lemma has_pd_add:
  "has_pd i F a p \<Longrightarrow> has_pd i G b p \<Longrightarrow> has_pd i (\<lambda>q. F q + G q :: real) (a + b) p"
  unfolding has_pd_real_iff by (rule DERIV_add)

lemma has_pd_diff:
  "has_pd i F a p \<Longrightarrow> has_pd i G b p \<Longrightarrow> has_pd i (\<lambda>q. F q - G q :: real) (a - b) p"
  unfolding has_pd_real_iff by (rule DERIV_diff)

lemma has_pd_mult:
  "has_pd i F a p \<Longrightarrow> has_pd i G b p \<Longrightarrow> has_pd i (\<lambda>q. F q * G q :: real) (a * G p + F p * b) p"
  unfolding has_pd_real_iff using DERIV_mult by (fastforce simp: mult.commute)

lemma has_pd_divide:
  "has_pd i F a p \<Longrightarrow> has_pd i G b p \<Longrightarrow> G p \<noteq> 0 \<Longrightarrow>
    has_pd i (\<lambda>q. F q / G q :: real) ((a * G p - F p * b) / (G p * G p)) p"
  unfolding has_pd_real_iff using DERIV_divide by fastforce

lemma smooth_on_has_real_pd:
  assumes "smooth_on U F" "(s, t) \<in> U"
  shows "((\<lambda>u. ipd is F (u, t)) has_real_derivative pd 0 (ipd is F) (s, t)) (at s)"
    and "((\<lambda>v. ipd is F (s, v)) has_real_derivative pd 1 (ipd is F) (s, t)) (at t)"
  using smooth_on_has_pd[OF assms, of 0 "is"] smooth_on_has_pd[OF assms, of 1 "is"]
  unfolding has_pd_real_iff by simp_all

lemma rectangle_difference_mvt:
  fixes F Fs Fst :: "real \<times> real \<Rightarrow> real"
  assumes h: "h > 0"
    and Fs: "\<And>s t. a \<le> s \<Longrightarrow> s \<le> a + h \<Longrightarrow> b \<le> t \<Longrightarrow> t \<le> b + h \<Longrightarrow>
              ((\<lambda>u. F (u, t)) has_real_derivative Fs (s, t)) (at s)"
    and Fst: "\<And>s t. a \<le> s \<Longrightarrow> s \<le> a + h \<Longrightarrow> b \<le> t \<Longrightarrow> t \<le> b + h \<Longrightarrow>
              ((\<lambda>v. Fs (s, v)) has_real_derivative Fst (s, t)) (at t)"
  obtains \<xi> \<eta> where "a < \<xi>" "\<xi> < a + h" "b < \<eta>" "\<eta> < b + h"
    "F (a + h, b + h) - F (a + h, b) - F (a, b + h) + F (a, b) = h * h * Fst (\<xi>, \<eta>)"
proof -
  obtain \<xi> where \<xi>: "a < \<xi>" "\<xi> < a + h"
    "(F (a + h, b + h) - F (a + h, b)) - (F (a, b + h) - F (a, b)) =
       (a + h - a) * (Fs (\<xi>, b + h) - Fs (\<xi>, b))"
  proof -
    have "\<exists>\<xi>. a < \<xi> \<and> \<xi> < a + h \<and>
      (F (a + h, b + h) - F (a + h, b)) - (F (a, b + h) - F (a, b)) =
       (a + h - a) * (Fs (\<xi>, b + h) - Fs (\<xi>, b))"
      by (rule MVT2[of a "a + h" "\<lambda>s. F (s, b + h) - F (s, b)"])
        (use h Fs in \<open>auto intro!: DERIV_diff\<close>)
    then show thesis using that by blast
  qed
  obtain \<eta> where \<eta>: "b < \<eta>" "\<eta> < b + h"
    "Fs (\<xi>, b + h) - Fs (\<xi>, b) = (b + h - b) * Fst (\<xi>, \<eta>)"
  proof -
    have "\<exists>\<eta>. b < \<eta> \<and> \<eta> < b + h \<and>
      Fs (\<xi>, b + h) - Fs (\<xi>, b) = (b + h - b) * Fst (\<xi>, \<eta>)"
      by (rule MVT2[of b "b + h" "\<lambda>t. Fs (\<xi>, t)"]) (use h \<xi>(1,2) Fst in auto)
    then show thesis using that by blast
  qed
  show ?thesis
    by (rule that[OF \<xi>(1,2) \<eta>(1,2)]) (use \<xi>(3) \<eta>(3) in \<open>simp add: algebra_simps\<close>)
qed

——————————

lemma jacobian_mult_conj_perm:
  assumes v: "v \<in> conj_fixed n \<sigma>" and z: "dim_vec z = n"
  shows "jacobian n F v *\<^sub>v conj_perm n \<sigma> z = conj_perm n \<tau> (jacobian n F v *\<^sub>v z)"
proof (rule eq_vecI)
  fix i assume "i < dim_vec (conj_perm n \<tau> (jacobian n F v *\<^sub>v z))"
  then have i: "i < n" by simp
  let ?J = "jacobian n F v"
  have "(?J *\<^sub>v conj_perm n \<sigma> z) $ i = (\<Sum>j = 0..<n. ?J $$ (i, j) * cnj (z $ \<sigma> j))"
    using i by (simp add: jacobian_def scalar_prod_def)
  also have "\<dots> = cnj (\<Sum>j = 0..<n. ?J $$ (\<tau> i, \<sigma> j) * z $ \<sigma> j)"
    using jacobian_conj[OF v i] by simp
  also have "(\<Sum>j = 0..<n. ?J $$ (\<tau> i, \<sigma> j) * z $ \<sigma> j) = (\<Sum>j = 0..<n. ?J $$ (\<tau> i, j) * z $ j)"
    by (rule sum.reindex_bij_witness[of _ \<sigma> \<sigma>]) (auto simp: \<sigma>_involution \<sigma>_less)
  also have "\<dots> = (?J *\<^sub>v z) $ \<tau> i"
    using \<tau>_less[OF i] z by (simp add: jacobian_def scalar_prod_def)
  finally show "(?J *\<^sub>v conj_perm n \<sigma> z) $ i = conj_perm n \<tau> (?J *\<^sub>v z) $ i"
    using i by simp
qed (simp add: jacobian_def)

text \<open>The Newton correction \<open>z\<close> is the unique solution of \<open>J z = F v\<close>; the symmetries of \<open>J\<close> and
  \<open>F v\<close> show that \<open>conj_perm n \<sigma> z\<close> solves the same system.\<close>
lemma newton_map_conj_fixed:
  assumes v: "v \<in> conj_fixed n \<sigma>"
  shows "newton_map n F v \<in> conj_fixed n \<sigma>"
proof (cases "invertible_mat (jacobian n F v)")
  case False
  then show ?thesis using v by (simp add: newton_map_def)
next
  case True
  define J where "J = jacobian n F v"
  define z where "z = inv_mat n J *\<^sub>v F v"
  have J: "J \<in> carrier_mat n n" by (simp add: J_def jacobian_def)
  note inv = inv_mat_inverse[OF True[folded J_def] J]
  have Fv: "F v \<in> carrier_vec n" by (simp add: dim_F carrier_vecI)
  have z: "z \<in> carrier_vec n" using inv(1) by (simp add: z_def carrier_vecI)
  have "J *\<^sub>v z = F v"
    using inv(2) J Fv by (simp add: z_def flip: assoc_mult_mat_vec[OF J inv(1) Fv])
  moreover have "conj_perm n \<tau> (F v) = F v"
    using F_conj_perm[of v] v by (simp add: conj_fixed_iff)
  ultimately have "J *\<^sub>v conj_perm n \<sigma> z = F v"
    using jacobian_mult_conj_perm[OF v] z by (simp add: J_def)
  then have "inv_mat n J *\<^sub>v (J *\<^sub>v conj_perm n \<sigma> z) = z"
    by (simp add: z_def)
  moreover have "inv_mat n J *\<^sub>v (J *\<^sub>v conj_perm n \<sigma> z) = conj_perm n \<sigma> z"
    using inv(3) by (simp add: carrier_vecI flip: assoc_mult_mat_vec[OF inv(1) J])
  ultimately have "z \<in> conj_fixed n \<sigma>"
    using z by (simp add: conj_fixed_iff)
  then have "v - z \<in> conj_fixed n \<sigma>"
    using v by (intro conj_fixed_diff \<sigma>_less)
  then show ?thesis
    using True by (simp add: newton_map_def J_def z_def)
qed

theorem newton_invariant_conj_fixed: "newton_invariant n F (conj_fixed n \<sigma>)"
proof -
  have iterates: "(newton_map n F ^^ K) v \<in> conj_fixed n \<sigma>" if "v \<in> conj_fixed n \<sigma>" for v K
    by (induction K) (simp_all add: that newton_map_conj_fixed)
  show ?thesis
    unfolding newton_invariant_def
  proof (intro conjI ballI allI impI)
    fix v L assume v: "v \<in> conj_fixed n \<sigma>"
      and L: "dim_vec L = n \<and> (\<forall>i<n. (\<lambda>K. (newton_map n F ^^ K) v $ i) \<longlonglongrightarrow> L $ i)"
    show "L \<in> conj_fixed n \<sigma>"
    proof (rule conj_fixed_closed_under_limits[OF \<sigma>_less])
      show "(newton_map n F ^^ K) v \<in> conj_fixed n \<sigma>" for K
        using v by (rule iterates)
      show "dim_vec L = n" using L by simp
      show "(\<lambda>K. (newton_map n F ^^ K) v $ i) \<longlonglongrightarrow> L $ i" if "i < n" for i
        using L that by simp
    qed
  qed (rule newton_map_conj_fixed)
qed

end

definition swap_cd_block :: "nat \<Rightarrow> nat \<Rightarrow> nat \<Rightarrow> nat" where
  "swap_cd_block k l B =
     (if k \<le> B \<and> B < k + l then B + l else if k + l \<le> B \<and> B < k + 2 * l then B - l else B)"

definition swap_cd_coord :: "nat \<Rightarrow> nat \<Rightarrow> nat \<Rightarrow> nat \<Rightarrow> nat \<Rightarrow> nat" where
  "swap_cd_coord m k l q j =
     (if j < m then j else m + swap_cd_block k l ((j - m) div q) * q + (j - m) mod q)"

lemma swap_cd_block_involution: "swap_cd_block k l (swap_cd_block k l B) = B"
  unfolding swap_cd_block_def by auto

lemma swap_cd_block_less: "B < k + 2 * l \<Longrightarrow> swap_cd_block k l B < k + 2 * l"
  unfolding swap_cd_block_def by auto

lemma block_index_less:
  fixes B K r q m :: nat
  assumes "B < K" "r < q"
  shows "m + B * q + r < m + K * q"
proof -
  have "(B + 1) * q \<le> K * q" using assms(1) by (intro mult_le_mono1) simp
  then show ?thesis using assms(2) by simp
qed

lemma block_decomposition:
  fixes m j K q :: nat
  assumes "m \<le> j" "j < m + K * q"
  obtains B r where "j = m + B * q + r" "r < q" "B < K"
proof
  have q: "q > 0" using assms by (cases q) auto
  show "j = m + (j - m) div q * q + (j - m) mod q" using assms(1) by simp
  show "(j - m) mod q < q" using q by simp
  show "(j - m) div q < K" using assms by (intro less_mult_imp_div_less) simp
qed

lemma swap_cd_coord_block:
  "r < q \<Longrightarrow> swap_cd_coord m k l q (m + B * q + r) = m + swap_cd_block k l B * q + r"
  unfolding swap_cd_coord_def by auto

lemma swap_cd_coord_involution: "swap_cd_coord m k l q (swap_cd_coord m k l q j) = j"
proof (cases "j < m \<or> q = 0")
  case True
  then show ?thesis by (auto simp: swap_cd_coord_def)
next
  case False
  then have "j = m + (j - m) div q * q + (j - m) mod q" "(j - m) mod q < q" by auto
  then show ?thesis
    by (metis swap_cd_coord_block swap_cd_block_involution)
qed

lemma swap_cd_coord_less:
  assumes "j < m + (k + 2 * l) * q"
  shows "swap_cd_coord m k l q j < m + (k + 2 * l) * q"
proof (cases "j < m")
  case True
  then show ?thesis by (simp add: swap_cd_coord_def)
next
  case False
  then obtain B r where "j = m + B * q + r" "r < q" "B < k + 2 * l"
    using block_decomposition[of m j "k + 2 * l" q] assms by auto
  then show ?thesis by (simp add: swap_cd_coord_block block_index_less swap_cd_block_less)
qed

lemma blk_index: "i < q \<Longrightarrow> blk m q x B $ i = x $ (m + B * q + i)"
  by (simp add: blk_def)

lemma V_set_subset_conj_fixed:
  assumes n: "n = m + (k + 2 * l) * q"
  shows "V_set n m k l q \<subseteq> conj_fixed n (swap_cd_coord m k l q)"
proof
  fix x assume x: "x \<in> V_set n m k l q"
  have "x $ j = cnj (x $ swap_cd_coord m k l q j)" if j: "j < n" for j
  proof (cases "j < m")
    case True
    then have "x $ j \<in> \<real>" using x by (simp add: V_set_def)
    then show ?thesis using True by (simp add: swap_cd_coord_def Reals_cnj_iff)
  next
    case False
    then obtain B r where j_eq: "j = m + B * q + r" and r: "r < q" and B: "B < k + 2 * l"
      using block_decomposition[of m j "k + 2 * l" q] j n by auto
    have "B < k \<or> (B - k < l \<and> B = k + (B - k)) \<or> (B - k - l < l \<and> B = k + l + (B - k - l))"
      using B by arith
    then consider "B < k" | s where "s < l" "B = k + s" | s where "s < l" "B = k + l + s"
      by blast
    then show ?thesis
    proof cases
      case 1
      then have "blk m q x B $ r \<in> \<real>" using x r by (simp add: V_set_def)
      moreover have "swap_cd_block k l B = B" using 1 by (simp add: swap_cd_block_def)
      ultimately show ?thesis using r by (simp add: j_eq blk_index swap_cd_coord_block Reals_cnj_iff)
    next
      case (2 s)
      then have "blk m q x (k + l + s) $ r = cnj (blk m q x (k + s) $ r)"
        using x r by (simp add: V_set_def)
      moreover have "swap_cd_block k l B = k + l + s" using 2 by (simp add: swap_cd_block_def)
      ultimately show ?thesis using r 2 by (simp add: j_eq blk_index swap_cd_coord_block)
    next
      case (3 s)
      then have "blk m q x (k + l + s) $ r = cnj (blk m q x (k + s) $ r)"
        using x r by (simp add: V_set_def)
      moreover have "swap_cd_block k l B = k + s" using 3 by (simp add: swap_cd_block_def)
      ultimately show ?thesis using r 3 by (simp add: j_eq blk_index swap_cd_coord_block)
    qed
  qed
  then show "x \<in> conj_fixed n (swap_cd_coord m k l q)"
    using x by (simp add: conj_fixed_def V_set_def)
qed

——————————

▶ [Assignment] Which lines above hold the string "define"? Copy each of them.

▶ [Worked solution]
  define J where "J = jacobian n F v"
  define z where "z = inv_mat n J *\<^sub>v F v"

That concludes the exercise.